What is being asked » Only lines holding the word "blast" are wanted. Copy them from the listing below.

Dataset entries »

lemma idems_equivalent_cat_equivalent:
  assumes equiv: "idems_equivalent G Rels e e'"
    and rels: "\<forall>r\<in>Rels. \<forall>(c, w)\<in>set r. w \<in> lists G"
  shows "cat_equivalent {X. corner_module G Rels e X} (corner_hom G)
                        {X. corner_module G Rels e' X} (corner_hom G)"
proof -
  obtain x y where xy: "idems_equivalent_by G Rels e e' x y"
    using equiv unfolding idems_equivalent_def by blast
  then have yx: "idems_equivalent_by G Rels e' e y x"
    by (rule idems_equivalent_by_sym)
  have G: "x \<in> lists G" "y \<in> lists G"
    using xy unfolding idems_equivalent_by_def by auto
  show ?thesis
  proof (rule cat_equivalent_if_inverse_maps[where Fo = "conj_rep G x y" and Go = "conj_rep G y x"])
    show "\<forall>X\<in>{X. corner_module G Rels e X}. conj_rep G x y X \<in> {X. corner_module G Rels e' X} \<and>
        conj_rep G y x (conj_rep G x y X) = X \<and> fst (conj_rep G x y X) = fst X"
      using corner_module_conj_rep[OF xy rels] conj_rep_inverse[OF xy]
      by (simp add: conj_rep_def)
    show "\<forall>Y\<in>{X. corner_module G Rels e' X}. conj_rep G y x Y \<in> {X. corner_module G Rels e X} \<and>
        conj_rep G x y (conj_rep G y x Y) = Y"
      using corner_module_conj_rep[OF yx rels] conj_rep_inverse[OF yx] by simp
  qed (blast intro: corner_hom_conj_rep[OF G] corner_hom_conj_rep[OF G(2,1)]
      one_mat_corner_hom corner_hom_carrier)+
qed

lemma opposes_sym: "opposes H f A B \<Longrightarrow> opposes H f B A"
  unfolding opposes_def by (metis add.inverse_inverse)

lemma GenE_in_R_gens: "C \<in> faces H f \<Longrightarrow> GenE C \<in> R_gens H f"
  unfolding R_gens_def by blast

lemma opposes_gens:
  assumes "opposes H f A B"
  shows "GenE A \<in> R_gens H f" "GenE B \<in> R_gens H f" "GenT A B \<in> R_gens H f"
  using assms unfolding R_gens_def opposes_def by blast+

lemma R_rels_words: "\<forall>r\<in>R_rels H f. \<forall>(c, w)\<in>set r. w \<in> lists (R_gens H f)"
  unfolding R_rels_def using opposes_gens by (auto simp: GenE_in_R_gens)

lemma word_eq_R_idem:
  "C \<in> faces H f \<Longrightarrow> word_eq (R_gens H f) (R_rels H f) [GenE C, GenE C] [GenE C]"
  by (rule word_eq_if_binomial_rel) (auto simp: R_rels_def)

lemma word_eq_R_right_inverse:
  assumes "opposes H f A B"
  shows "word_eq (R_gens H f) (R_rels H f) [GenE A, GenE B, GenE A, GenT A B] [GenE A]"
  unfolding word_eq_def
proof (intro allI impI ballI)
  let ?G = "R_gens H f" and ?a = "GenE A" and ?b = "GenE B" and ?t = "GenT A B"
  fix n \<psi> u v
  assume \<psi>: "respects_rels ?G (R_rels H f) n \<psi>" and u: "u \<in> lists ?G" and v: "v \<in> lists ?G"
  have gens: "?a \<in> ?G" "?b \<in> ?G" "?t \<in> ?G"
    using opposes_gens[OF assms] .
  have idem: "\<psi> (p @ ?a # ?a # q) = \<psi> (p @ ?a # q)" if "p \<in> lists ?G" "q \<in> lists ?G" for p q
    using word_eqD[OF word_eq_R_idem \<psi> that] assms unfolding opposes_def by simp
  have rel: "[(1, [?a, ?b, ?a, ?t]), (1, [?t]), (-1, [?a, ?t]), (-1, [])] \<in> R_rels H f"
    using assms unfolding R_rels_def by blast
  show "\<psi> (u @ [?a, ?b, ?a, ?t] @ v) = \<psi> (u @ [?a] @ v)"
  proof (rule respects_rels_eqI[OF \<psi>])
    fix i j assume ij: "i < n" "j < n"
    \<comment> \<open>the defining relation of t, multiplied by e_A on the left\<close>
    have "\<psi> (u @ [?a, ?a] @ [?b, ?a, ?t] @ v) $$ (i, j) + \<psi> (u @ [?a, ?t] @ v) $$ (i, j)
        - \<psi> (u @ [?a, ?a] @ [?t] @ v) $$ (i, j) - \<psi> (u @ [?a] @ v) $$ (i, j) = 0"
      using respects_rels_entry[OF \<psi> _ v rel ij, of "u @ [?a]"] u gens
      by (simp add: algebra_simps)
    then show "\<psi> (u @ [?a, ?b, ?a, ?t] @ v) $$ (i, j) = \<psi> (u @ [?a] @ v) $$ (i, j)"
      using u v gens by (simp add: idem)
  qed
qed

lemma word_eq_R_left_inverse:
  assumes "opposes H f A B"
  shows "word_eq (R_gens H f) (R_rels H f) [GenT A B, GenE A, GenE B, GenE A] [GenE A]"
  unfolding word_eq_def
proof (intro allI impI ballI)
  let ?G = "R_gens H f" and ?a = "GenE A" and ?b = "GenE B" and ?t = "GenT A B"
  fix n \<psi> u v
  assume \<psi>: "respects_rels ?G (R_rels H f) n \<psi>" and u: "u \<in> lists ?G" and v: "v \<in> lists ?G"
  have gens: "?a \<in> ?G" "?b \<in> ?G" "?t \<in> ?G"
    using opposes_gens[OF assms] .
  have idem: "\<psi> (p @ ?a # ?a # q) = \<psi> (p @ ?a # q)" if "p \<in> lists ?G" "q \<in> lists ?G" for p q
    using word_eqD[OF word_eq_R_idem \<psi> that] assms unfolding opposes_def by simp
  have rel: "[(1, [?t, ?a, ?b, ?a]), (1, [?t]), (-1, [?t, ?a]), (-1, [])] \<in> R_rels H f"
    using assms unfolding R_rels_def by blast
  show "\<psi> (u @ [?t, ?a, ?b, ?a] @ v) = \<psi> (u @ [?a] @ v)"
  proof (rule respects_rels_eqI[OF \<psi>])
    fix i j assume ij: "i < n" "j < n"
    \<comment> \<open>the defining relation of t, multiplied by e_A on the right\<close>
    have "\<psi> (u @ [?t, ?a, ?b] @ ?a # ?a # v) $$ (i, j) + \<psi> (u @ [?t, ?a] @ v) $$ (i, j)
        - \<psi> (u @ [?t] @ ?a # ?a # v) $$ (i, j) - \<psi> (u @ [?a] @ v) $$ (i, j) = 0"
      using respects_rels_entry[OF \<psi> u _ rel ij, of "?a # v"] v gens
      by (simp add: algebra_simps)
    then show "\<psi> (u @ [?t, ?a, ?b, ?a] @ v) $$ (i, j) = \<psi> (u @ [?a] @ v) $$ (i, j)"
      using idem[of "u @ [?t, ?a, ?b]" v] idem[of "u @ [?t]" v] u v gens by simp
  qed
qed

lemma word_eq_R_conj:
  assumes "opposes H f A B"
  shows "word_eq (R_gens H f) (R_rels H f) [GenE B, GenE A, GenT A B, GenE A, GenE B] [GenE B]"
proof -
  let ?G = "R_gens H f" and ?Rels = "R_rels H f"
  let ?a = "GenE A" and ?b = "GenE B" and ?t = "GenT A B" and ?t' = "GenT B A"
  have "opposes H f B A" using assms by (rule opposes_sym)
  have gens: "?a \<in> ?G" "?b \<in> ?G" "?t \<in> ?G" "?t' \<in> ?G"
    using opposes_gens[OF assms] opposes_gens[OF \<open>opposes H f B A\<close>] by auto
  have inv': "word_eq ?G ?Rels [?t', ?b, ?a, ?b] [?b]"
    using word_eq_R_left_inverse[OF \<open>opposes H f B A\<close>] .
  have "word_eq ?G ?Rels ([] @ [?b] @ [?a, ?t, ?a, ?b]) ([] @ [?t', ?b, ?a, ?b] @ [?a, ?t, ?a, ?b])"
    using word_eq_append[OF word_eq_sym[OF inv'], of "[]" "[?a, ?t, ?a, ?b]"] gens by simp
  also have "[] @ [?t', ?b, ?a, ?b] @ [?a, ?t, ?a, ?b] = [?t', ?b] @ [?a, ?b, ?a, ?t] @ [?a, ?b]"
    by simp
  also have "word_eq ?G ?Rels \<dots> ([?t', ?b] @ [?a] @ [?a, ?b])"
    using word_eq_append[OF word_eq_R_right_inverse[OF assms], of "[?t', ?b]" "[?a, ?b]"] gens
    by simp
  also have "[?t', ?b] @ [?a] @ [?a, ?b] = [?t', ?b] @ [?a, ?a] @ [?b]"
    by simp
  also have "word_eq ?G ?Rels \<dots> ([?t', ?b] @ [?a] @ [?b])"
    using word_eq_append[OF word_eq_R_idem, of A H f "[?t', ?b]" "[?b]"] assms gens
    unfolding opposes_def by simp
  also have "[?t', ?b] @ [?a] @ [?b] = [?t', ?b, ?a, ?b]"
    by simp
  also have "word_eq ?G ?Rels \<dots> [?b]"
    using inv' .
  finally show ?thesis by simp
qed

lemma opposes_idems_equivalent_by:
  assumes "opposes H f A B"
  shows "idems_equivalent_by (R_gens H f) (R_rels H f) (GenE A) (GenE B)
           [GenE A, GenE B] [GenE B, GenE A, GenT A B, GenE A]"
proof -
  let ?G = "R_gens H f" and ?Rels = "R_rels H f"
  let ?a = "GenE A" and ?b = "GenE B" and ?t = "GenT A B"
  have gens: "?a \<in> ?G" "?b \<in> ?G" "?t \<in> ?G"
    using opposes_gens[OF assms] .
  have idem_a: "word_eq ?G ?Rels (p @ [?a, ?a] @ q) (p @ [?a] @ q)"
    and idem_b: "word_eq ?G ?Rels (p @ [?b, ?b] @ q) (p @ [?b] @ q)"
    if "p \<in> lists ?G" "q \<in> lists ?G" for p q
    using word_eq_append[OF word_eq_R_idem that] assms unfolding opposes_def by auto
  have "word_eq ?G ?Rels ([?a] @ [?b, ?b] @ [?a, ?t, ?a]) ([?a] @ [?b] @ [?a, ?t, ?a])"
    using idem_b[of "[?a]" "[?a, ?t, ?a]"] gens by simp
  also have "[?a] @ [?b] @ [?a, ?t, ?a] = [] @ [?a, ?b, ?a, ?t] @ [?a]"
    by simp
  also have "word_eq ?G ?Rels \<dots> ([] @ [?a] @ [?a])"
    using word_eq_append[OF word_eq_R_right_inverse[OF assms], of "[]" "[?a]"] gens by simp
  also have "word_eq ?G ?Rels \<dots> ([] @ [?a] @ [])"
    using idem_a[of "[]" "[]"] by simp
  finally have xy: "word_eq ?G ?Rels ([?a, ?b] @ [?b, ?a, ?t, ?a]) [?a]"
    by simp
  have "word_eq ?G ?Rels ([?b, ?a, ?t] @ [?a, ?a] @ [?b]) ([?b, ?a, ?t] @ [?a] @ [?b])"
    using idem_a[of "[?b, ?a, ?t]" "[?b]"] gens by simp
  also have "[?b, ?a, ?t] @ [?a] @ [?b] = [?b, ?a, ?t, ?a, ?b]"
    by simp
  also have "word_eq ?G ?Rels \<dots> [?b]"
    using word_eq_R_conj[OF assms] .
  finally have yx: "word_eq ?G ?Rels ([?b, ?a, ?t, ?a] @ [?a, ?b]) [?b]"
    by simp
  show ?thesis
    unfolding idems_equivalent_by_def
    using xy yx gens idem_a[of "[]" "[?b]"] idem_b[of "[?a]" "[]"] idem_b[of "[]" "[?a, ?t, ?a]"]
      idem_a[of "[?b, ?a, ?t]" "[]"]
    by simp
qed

Answer box »
    using equiv unfolding idems_equivalent_def by blast
  qed (blast intro: corner_hom_conj_rep[OF G] corner_hom_conj_rep[OF G(2,1)]
  unfolding R_gens_def by blast
  using assms unfolding R_gens_def opposes_def by blast+
    using assms unfolding R_rels_def by blast
    using assms unfolding R_rels_def by blast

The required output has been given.